We expect the pattern of "get all the risk loadings together in one Pipeline" to be common enough that we've added a helper function to make it easier to do just that.

quantopian.pipeline.experimental.risk_loading_pipeline creates a pipeline that's equivalent to the one we manually defined in the cells above.

In [174]:
from quantopian.pipeline.experimental import risk_loading_pipeline
In [175]:
easier_loading_pipeline = risk_loading_pipeline()
easier_loadings = run_pipeline(easier_loading_pipeline, '2015',' 2016')
In [176]:
easier_loadings.head()
Out[176]:
basic_materials communication_services consumer_cyclical consumer_defensive energy financial_services health_care industrials momentum real_estate short_term_reversal size technology utilities value volatility
2015-01-02 00:00:00+00:00 Equity(2 [ARNC]) 1.086220 0.0 0.0 0.0 0.0 0.000000 0.000000 0.0 1.218681 0.0 0.561370 1.244769 0.000000 0.0 0.535451 0.016220
Equity(21 [AAME]) 0.000000 0.0 0.0 0.0 0.0 0.143949 0.000000 0.0 -0.417821 0.0 0.821443 -0.269169 0.000000 0.0 -0.536246 -0.057939
Equity(24 [AAPL]) 0.000000 0.0 0.0 0.0 0.0 0.000000 0.000000 0.0 1.573244 0.0 1.119136 3.856067 1.172029 0.0 -0.789493 -0.573814
Equity(31 [ABAX]) 0.000000 0.0 0.0 0.0 0.0 0.000000 0.638225 0.0 1.381126 0.0 0.284801 -0.724529 0.000000 0.0 -0.828475 -0.005286
Equity(39 [DDC]) 0.570881 0.0 0.0 0.0 0.0 0.000000 0.000000 0.0 -0.174328 0.0 0.049159 -0.250996 0.000000 0.0 0.120844 0.986488
In [178]:
(loadings == easier_loadings).all().all()
Out[178]:
True

Review and Conclusions

In this notebook we introduced the Quantopian Risk Model and introduced several new APIs for interacting with the risk model in research.

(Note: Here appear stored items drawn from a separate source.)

lemma T_commute: "t \<ge> 0 \<Longrightarrow> s \<ge> 0 \<Longrightarrow> T t (T s x) = T s (T t x)"
  by (metis T_add add.commute)

lemma T_tendsto_right_0: "((\<lambda>t. T t x) \<longlongrightarrow> x) (at_right 0)"
  using semigroup unfolding C0_semigroup_def by blast

lemma norm_T_diff_le:
  assumes "s \<ge> 0" "t \<ge> 0" "s \<le> t"
  shows "norm (T t x - T s x) \<le> M * norm (T (t - s) x - x)"
proof -
  have "T t x - T s x = T s (T (t - s) x - x)"
    using T_add[of s "t - s" x] assms linear_diff[OF bounded_linear.linear[OF bounded_linear_T[OF assms(1)]]]
    by simp
  then show ?thesis using norm_T_le[OF assms(1)] by simp
qed

lemma continuous_on_orbit: "continuous_on {0..} (\<lambda>t. T t x)"
  unfolding continuous_on_iff
proof (intro ballI allI impI)
  fix t e :: real assume t: "t \<in> {0..}" and e: "e > 0"
  have "eventually (\<lambda>h. dist (T h x) x < e / M) (at_right 0)"
    using tendstoD[OF T_tendsto_right_0] e M_ge_1 by simp
  then obtain d where "d > 0" and d: "\<And>h. 0 < h \<Longrightarrow> h < d \<Longrightarrow> norm (T h x - x) < e / M"
    unfolding eventually_at_right_field by (auto simp: dist_norm)
  have "dist (T s x) (T t x) < e" if s: "s \<ge> 0" "\<bar>s - t\<bar> < d" for s
  proof (cases "s = t")
    case False
    have "norm (T (max s t) x - T (min s t) x) \<le> M * norm (T (max s t - min s t) x - x)"
      using s t by (intro norm_T_diff_le) auto
    also have "\<dots> < M * (e / M)"
      using False s M_ge_1 by (intro mult_strict_left_mono d) auto
    finally show ?thesis using M_ge_1
      by (cases "s \<le> t") (simp_all add: dist_norm norm_minus_commute max_def min_def)
  qed (use e in simp)
  with \<open>d > 0\<close> show "\<exists>d>0. \<forall>s\<in>{0..}. dist s t < d \<longrightarrow> dist (T s x) (T t x) < e"
    by (auto simp: dist_real_def)
qed
lemma nf_tens_add:
  assumes f: "f \<in> Tfin" and g: "g \<in> Tfin"
  shows "nf_tens B \<phi> (\<lambda>w. f w + g w) = (\<lambda>t. nf_tens B \<phi> f t + nf_tens B \<phi> g t)"
proof -
  define F where "F = {w. f w \<noteq> 0} \<union> {w. g w \<noteq> 0}"
  have F: "finite F" using f g by (simp add: F_def Tfin_finite_support)
  have "{w. f w \<noteq> 0} \<subseteq> F" "{w. g w \<noteq> 0} \<subseteq> F" "{w. f w + g w \<noteq> 0} \<subseteq> F"
    by (auto simp: F_def)
  from this[THEN nf_tens_superset[OF F]] show ?thesis
    by (auto simp: distrib_right sum.distrib)
qed

lemma nf_tens_scale:
  assumes f: "f \<in> Tfin"
  shows "nf_tens B \<phi> (\<lambda>w. c * f w) = (\<lambda>t. c * nf_tens B \<phi> f t)"
proof -
  have F: "finite {w. f w \<noteq> 0}" using f by (simp add: Tfin_finite_support)
  have "{w. c * f w \<noteq> 0} \<subseteq> {w. f w \<noteq> 0}" by auto
  from nf_tens_superset[OF F this] show ?thesis
    by (auto simp: nf_tens_def sum_distrib_left mult.assoc)
qed

lemma nf_tens_diff:
  assumes "f \<in> Tfin" and "g \<in> Tfin"
  shows "nf_tens B \<phi> (\<lambda>w. f w - g w) = (\<lambda>t. nf_tens B \<phi> f t - nf_tens B \<phi> g t)"
proof -
  have "(\<lambda>w. (- 1) * g w) \<in> Tfin" using subsp_scale[OF subsp_Tfin assms(2)] .
  with assms have "nf_tens B \<phi> (\<lambda>w. f w + (- 1) * g w) = (\<lambda>t. nf_tens B \<phi> f t + nf_tens B \<phi> (\<lambda>w. (- 1) * g w) t)"
    by (intro nf_tens_add)
  then show ?thesis using nf_tens_scale[OF assms(2), of B \<phi> "- 1"] by simp
qed

lemma nf_tens_lincomb:
  "f \<in> Tfin \<Longrightarrow> g \<in> Tfin \<Longrightarrow>
   nf_tens B \<phi> (\<lambda>w. c * f w + d * g w) = (\<lambda>t. c * nf_tens B \<phi> f t + d * nf_tens B \<phi> g t)"
  by (simp add: nf_tens_add nf_tens_scale subsp_scale[OF subsp_Tfin])

lemma nf_tens_zero: "nf_tens B \<phi> (\<lambda>w. 0) = (\<lambda>t. 0)"
  by (simp add: nf_tens_def)

lemma nf_tens_sum:
  "finite A \<Longrightarrow> (\<And>i. i \<in> A \<Longrightarrow> F i \<in> Tfin) \<Longrightarrow>
   nf_tens B \<phi> (\<lambda>w. \<Sum>i\<in>A. F i w) = (\<lambda>t. \<Sum>i\<in>A. nf_tens B \<phi> (F i) t)"
proof (induction A rule: finite_induct)
  case empty
  then show ?case by (simp add: nf_tens_zero)
next
  case (insert x A)
  have "(\<lambda>w. \<Sum>i\<in>A. F i w) \<in> Tfin" using insert by (intro subsp_sum[OF subsp_Tfin]) auto
  with insert show ?case by (simp add: nf_tens_add)
qed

  • We discussed what a Factor Risk Model is and developed some intuitions for why factor modelling might be a reasonable way to describe the returns of assets.
  • We looked at new features of the AlgorithmResult object that enable Quantopian users to do analyze and visualize the performance of their algorithms.
  • We looked at new Research API methods that allow you to fetch and inspect the outputs of the Quantopian Risk Model.
  • We briefly looked at how you can fetch risk model data in the Pipeline API.